Exercise objective: Could you filter the records below down to the lines that include the word "lemma"?

Items from a data source:
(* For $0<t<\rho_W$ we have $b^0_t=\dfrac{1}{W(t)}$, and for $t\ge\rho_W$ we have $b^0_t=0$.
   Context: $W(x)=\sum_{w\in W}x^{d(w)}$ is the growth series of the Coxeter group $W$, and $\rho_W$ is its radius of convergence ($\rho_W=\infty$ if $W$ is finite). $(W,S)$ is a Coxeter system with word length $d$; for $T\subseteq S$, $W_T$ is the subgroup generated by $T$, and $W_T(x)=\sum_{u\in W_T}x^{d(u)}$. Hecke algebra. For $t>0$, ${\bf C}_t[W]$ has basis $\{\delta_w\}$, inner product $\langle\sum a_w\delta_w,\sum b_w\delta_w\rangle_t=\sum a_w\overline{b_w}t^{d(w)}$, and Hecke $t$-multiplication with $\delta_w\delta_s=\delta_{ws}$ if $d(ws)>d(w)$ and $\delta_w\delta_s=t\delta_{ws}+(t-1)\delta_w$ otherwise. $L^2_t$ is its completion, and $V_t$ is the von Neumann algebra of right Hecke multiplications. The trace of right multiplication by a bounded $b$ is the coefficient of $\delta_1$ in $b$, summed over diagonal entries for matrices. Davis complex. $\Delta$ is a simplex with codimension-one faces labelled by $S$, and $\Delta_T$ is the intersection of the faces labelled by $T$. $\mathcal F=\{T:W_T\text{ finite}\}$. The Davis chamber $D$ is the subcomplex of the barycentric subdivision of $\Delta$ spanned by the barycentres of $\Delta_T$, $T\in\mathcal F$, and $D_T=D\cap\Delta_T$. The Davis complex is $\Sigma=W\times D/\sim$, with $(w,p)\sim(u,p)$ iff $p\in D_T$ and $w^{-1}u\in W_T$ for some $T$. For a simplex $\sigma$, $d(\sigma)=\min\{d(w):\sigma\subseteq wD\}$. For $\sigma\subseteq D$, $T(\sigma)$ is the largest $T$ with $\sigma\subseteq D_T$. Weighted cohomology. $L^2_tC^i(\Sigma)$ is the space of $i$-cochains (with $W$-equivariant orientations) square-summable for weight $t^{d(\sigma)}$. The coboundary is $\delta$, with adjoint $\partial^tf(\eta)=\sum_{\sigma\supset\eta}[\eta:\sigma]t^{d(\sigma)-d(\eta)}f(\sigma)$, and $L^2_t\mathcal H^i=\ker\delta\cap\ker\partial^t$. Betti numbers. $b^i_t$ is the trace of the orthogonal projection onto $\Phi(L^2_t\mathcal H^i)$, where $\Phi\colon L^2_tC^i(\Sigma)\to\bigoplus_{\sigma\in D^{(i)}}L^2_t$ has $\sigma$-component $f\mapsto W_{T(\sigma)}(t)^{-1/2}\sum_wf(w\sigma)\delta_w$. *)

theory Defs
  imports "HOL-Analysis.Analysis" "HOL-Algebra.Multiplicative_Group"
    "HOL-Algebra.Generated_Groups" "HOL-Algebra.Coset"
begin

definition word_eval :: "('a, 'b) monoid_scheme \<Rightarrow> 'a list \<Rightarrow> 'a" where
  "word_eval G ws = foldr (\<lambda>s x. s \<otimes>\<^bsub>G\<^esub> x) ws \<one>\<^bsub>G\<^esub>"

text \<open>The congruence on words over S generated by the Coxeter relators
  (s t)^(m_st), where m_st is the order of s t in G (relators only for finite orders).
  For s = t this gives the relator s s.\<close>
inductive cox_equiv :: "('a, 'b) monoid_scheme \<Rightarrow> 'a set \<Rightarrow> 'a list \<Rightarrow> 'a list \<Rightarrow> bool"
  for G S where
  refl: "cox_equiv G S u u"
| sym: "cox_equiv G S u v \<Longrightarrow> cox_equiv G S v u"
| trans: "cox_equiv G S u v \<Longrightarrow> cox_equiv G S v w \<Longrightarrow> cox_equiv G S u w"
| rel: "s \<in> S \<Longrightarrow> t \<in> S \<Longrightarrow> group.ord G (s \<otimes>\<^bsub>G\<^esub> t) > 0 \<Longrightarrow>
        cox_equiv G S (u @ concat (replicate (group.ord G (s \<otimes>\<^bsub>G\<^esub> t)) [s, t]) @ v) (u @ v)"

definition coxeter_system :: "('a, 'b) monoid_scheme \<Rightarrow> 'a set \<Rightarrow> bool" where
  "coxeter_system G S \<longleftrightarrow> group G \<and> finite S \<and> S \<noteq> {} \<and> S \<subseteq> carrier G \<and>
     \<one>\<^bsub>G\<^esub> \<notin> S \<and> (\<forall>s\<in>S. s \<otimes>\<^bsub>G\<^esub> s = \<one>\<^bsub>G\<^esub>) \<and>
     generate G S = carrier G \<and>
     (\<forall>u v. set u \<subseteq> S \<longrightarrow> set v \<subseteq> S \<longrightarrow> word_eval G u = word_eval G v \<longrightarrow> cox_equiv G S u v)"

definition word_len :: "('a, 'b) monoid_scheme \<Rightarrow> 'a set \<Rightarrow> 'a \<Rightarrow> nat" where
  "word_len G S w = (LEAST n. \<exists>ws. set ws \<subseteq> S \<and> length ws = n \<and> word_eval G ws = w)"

==

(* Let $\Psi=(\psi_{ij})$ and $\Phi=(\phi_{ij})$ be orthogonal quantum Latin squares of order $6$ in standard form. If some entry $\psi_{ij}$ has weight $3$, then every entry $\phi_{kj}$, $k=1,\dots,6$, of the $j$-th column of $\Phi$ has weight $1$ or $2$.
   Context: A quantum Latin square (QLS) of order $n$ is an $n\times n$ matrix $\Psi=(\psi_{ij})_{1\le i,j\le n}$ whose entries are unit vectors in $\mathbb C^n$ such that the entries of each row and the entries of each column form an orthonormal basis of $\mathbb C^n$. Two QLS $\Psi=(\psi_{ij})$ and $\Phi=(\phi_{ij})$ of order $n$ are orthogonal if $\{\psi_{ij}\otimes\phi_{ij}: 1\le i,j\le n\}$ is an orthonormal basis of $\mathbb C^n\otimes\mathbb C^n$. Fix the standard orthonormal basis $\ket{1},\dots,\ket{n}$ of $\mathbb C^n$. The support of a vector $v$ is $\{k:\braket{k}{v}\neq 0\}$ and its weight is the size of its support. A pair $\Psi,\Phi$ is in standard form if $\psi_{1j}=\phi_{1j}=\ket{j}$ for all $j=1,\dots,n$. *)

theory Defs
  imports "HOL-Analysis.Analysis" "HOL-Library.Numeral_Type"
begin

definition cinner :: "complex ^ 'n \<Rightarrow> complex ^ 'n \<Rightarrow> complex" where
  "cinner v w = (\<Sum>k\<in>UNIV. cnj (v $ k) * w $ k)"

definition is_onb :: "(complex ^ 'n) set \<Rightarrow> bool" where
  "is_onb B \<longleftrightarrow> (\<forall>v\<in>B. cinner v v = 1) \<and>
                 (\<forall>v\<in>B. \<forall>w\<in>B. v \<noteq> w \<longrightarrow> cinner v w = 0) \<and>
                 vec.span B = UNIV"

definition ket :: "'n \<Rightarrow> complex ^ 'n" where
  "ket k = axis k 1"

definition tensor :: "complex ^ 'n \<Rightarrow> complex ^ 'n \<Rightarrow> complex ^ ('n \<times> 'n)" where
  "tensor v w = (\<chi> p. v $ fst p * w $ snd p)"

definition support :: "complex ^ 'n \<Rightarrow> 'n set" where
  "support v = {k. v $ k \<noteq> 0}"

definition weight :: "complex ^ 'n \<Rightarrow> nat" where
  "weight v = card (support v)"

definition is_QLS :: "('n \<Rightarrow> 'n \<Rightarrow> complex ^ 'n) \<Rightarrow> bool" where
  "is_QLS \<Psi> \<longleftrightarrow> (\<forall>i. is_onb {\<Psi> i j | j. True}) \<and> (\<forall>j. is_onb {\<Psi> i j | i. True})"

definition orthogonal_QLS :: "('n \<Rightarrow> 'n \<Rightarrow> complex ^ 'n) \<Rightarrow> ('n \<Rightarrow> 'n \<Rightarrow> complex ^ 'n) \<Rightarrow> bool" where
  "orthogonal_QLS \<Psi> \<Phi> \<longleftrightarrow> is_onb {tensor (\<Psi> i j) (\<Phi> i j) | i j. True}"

...

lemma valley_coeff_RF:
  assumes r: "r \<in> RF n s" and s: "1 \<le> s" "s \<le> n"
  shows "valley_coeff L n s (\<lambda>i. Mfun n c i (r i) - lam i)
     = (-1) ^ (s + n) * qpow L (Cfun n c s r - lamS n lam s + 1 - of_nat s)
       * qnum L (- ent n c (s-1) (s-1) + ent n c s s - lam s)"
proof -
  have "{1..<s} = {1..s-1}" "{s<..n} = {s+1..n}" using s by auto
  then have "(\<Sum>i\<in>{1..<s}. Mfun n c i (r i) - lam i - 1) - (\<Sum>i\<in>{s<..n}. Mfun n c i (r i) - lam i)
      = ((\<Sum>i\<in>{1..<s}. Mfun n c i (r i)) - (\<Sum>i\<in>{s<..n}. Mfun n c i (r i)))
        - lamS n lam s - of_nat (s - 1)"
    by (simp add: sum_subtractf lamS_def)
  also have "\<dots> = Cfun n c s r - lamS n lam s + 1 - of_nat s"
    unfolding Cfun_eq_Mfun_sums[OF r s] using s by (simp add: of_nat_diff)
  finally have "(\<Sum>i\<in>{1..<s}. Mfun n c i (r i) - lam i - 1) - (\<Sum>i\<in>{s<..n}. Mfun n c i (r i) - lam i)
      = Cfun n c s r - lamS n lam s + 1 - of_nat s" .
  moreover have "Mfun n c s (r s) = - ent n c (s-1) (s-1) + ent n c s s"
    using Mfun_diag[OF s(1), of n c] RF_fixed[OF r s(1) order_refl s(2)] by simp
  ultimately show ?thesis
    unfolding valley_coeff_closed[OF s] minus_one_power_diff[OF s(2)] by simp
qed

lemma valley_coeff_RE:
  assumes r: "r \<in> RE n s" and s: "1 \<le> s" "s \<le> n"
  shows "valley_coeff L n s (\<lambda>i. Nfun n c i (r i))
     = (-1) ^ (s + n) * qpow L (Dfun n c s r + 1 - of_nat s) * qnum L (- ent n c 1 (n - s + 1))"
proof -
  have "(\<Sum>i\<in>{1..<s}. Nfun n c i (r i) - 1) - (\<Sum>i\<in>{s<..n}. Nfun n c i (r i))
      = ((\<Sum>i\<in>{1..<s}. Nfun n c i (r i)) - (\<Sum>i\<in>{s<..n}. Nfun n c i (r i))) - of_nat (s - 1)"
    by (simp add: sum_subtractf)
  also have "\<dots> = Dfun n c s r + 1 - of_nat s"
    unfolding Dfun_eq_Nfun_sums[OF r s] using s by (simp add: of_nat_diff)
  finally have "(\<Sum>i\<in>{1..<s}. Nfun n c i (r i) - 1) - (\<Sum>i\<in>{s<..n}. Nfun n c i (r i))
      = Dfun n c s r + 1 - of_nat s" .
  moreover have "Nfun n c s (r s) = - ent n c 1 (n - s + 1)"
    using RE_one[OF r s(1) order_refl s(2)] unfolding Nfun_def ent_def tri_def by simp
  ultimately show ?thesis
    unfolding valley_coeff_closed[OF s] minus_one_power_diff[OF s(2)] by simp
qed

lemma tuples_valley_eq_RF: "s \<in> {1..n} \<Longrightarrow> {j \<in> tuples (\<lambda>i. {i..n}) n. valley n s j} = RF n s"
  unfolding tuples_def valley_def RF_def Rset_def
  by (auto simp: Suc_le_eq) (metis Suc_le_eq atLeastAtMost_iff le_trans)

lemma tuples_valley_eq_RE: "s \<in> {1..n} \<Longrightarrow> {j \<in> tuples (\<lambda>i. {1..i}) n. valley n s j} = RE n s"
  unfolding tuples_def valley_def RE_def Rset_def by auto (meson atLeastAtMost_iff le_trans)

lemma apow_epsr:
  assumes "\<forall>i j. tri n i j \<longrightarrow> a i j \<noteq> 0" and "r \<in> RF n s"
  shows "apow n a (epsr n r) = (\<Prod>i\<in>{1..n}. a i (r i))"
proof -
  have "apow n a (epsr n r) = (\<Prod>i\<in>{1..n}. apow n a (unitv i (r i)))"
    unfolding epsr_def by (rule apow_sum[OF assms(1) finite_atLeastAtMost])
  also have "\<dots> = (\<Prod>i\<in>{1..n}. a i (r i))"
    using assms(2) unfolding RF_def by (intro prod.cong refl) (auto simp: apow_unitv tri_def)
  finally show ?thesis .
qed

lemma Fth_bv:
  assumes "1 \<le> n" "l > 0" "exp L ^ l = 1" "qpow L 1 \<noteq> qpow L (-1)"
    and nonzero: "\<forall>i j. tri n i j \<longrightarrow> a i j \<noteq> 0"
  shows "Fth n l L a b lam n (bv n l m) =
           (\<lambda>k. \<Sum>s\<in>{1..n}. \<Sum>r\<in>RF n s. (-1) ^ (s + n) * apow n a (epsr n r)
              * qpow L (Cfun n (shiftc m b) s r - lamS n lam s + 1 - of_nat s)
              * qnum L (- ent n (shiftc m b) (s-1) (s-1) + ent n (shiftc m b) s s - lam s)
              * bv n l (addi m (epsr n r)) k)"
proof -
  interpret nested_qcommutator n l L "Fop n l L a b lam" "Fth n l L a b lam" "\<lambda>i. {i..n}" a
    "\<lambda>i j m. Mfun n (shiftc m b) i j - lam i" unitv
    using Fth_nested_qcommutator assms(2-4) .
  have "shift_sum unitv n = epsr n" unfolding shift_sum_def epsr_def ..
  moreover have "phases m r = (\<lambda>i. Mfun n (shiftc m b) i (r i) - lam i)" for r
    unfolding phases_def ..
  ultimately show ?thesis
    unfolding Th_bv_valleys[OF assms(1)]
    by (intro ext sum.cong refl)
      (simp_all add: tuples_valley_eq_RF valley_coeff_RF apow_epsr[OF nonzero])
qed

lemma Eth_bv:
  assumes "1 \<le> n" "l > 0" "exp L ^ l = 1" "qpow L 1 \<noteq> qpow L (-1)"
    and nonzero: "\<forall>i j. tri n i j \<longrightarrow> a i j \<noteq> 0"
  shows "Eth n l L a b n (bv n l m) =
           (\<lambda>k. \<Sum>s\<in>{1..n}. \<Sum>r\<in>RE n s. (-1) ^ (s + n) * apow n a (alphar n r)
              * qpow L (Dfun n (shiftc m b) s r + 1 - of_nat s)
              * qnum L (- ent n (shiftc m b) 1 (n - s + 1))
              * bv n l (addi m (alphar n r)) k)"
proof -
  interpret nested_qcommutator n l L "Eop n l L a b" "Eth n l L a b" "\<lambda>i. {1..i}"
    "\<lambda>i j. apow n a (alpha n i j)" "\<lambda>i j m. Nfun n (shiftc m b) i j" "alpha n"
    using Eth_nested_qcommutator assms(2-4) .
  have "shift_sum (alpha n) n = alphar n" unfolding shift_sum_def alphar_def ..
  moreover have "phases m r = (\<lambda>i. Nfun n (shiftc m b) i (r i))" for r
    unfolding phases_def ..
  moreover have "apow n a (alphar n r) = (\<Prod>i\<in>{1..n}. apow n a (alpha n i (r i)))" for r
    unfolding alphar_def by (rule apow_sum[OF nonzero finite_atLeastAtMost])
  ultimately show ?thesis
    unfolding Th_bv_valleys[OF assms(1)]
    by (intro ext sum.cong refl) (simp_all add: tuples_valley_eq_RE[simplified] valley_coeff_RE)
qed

Response for this exercise:
lemma valley_coeff_RF:
lemma valley_coeff_RE:
lemma tuples_valley_eq_RF: "s \<in> {1..n} \<Longrightarrow> {j \<in> tuples (\<lambda>i. {i..n}) n. valley n s j} = RF n s"
lemma tuples_valley_eq_RE: "s \<in> {1..n} \<Longrightarrow> {j \<in> tuples (\<lambda>i. {1..i}) n. valley n s j} = RE n s"
lemma apow_epsr:
lemma Fth_bv:
lemma Eth_bv:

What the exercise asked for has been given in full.